Pelvic Tilt Into Bridge
Description
The pelvic tilt into bridge is a Pilates-style mobility exercise that combines a posterior pelvic tilt with a sequential roll into a glute bridge. It teaches segmental spinal articulation, builds glute activation, and improves lumbar control. It is a foundational warm-up exercise for spine and glute health.
Muscle Group
Equipment Required
Pelvic Tilt Into Bridge Instructions
- Lie flat on your back with knees bent at 90 degrees and feet flat on the floor, hip-width apart.

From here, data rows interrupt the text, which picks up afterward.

(* Let $(X,r)$ be a finite solution of the YBE. Suppose that for some prime divisor $p$ of $|\mathcal G(X,r)|$, the group $\mathcal G(X,r)$ has an abelian normal Sylow $p$-subgroup. Then $(X,r)$ is retractable, i.e. there exist distinct $x,y\in X$ with $\sigma_x=\sigma_y$.
   Context: A solution of the Yang–Baxter equation (YBE) is a pair $(X,r)$, where $X$ is a non-empty set and $r\colon X\times X\to X\times X$, written $r(x,y)=(\sigma_x(y),\gamma_y(x))$, satisfies: $r^2=\mathrm{id}$; all maps $\sigma_x,\gamma_y\colon X\to X$ are bijections; and $r_{12}r_{23}r_{12}=r_{23}r_{12}r_{23}$ as maps $X^3\to X^3$, where $r_{12}=r\times\mathrm{id}_X$ and $r_{23}=\mathrm{id}_X\times r$. The permutation group of $(X,r)$ is $\mathcal G(X,r)=\langle \sigma_x : x\in X\rangle\le \mathrm{Sym}_X$ (a group under composition). *)

theory Defs
  imports "HOL-Algebra.Bij" "HOL-Algebra.Generated_Groups" "HOL-Algebra.Coset" "HOL-Computational_Algebra.Primes"
begin

definition ybe_sigma :: "('a \<times> 'a \<Rightarrow> 'a \<times> 'a) \<Rightarrow> 'a \<Rightarrow> 'a \<Rightarrow> 'a" where
  "ybe_sigma r x y = fst (r (x, y))"

definition ybe_gamma :: "('a \<times> 'a \<Rightarrow> 'a \<times> 'a) \<Rightarrow> 'a \<Rightarrow> 'a \<Rightarrow> 'a" where
  "ybe_gamma r y x = snd (r (x, y))"

definition r12 :: "('a \<times> 'a \<Rightarrow> 'a \<times> 'a) \<Rightarrow> 'a \<times> 'a \<times> 'a \<Rightarrow> 'a \<times> 'a \<times> 'a" where
  "r12 r t = (case t of (a, b, c) \<Rightarrow> (fst (r (a, b)), snd (r (a, b)), c))"

definition r23 :: "('a \<times> 'a \<Rightarrow> 'a \<times> 'a) \<Rightarrow> 'a \<times> 'a \<times> 'a \<Rightarrow> 'a \<times> 'a \<times> 'a" where
  "r23 r t = (case t of (a, b, c) \<Rightarrow> (a, fst (r (b, c)), snd (r (b, c))))"

definition ybe_solution :: "'a set \<Rightarrow> ('a \<times> 'a \<Rightarrow> 'a \<times> 'a) \<Rightarrow> bool" where
  "ybe_solution X r \<longleftrightarrow>
     X \<noteq> {} \<and>
     (\<forall>x\<in>X. \<forall>y\<in>X. fst (r (x, y)) \<in> X \<and> snd (r (x, y)) \<in> X) \<and>
     (\<forall>x\<in>X. \<forall>y\<in>X. r (r (x, y)) = (x, y)) \<and>
     (\<forall>x\<in>X. bij_betw (ybe_sigma r x) X X) \<and>
     (\<forall>y\<in>X. bij_betw (ybe_gamma r y) X X) \<and>
     (\<forall>a\<in>X. \<forall>b\<in>X. \<forall>c\<in>X.
       r12 r (r23 r (r12 r (a, b, c))) = r23 r (r12 r (r23 r (a, b, c))))"

text \<open>The permutation group G(X,r) = < sigma_x : x in X > inside Sym_X
  (HOL-Algebra's BijGroup, whose elements are bijections of X, extensional outside X).\<close>
definition perm_group :: "'a set \<Rightarrow> ('a \<times> 'a \<Rightarrow> 'a \<times> 'a) \<Rightarrow> ('a \<Rightarrow> 'a) monoid" where
  "perm_group X r = subgroup_generated (BijGroup X) ((\<lambda>x. restrict (ybe_sigma r x) X) ` X)"

definition sylow_subgroup :: "('g, 'b) monoid_scheme \<Rightarrow> nat \<Rightarrow> 'g set \<Rightarrow> bool" where
  "sylow_subgroup G p P \<longleftrightarrow> subgroup P G \<and> card P = p ^ multiplicity p (order G)"

end

theory Submission
  imports Defs "HOL-Algebra.Multiplicative_Group" "HOL-Algebra.Sylow" "HOL-Algebra.Group_Action"
begin

text \<open>
  The permutation group of a finite solution is a left brace with \<open>\<lambda>\<^sub>g(\<sigma>\<^sub>x) = \<sigma>\<^sub>g\<^sub>(\<^sub>x\<^sub>)\<close>.
  In a finite left brace of order \<open>p\<^sup>k m\<close> with \<open>p \<nmid> m\<close> whose multiplicative group has
  an abelian normal Sylow \<open>p\<close>-subgroup \<open>P\<close>, the \<open>p\<^sup>k\<close>-torsion of the additive group is a
  multiplicative subgroup of order \<open>p\<^sup>k\<close>, hence equals \<open>P\<close>. So \<open>P\<close> acts on itself through
  \<open>\<lambda>\<close>, and as a \<open>p\<close>-group it fixes some \<open>c \<noteq> 1\<close>. Since \<open>P\<close> is abelian, \<open>\<lambda>\<^sub>c\<close> is the identity
  on \<open>P\<close>; since \<open>P\<close> is normal, \<open>P\<close> acts trivially on the \<open>m\<close>-torsion; so \<open>\<lambda>\<^sub>c = id\<close>.
  If \<open>c\<close> moves \<open>x\<close>, then \<open>\<sigma>\<^sub>c\<^sub>(\<^sub>x\<^sub>) = \<lambda>\<^sub>c(\<sigma>\<^sub>x) = \<sigma>\<^sub>x\<close> with \<open>c(x) \<noteq> x\<close>.
\<close>

lemma coprimeI_by_prime_dvd:
  fixes a b :: nat
  assumes "\<And>q. prime q \<Longrightarrow> q dvd a \<Longrightarrow> q dvd b \<Longrightarrow> False"
  shows "coprime a b"
proof (rule ccontr)
  assume "\<not> coprime a b"
  then obtain q where "prime q" "q dvd gcd a b"
    using prime_factor_nat[of "gcd a b"] by (auto simp: coprime_iff_gcd_eq_1)
  then show False using assms by auto
qed

lemma coprime_factors_eq:
  fixes a b x y :: nat
  assumes "x * y = a * b" "coprime x b" "coprime y a" "a > 0" "b > 0"
  shows "x = a"
proof (rule ccontr)
  have "x dvd a" using assms(1,2) by (metis coprime_dvd_mult_left_iff dvd_triv_left)
  moreover have "y dvd b" using assms(1,3) by (metis coprime_dvd_mult_right_iff dvd_triv_right)
  ultimately have "x \<le> a" "y \<le> b" "y > 0" using assms(4,5) by (auto intro: dvd_imp_le)
  moreover assume "x \<noteq> a"
  ultimately have "x * y < a * b" by (intro mult_less_le_imp_less) auto
  then show False using assms(1) by simp
qed

lemma prime_power_part:
  fixes n p :: nat
  assumes "prime p" "p dvd n" "n > 0"
  defines "k \<equiv> multiplicity p n"
  shows "n = p ^ k * (n div p ^ k)" "coprime p (n div p ^ k)" "k > 0"
proof -
  have "\<not> is_unit p" using prime_gt_1_nat[OF assms(1)] by simp
  then show "n = p ^ k * (n div p ^ k)" "coprime p (n div p ^ k)" "k > 0"
    using multiplicity_dvd[of p n] multiplicity_decompose[of n p] multiplicity_gt_zero_iff[of n p]
      assms prime_imp_coprime by (simp_all add: k_def)
qed

lemma (in group) pow_eq_one_coprime:
  assumes "x \<in> carrier G" "x [^] (a::nat) = \<one>" "x [^] (b::nat) = \<one>" "coprime a b"
  shows "x = \<one>"
proof -
  have "ord x dvd gcd a b" using assms(1-3) pow_eq_id by simp
  then have "x [^] (1::nat) = \<one>" using assms(1,4) pow_eq_id[of x 1] by simp
  then show ?thesis using assms(1) by simp
qed

lemma (in group) subgroup_pow_card_eq_one:
  assumes "subgroup H G" "finite H" "x \<in> H"
  shows "x [^] card H = \<one>"
proof -
  interpret H: group "G\<lparr>carrier := H\<rparr>" using assms(1) subgroup.subgroup_is_group is_group by blast
  have "x [^]\<^bsub>G\<lparr>carrier := H\<rparr>\<^esub> order (G\<lparr>carrier := H\<rparr>) = \<one>"
    using H.pow_order_eq_1 assms(3) by simp
  then show ?thesis by (simp add: nat_pow_def order_def)
qed

lemma (in group) cauchy_exists_elem:
  assumes "finite (carrier G)" "prime q" "q dvd order G"
  shows "\<exists>x\<in>carrier G. x \<noteq> \<one> \<and> x [^] q = \<one>"
proof -
  obtain m where "order G = q ^ 1 * m" using assms(3) by auto
  then obtain K where K: "subgroup K G" "card K = q"
    using sylow_thm[OF assms(2) is_group _ assms(1)] by fastforce
  have "finite K" using K(1) assms(1) subgroup.subset finite_subset by blast
  moreover have "\<not> K \<subseteq> {\<one>}"
  proof
    assume "K \<subseteq> {\<one>}"
    then have "card K \<le> 1" using card_mono[of "{\<one>}" K] by simp
    then show False using K(2) prime_gt_1_nat[OF assms(2)] by simp
  qed
  then obtain x where "x \<in> K" "x \<noteq> \<one>" by blast
  moreover have "x [^] q = \<one>"
    using subgroup_pow_card_eq_one[OF K(1) \<open>finite K\<close> \<open>x \<in> K\<close>] K(2) by simp
  ultimately show ?thesis using subgroup.mem_carrier[OF K(1)] by blast
qed

lemma (in normal) mem_if_pow_coprime_index:
  assumes "finite (carrier G)" "coprime n (card (rcosets H))" "x \<in> carrier G" "x [^] n = \<one>"
  shows "x \<in> H"
proof -
  interpret Q: group "G Mod H" by (rule factorgroup_is_group)
  have hom: "(\<lambda>a. H #> a) \<in> hom G (G Mod H)" by (rule r_coset_hom_Mod)
  have Hx: "H #> x \<in> carrier (G Mod H)" using hom assms(3) by (auto simp: hom_def)
  have "(H #> x) [^]\<^bsub>G Mod H\<^esub> n = H #> (x [^] n)"
    using group_hom.hom_nat_pow[OF group_hom.intro[OF is_group Q.is_group] assms(3)] hom
    by (simp add: group_hom_axioms_def)
  then have "(H #> x) [^]\<^bsub>G Mod H\<^esub> n = \<one>\<^bsub>G Mod H\<^esub>"
    using assms(4) coset_join2[OF one_closed is_subgroup] by simp
  moreover have "(H #> x) [^]\<^bsub>G Mod H\<^esub> card (rcosets H) = \<one>\<^bsub>G Mod H\<^esub>"
    using Q.pow_order_eq_1[OF Hx] by (simp add: order_def FactGroup_def)
  ultimately have "H #> x = H"
    using Q.pow_eq_one_coprime[OF Hx _ _ assms(2)] by simp
  then show ?thesis using rcos_self[OF assms(3) is_subgroup] by simp
qed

- Begin with a posterior pelvic tilt: press your lower back firmly into the floor and tilt your pelvis up toward your ribs.
- From the pelvic tilt, sequentially roll your spine off the floor — tailbone, lower back, mid-back — until you reach a glute bridge position.
- At the top, your body forms a straight line from knees to shoulders. Squeeze your glutes.
- Reverse the motion: roll your spine back down sequentially — mid-back, lower back, tailbone.
- End with the posterior pelvic tilt before releasing.
- Move slowly and with control. Each vertebra should leave and return to the floor sequentially.
- Repeat for 8 to 12 reps as a warm-up or core activation.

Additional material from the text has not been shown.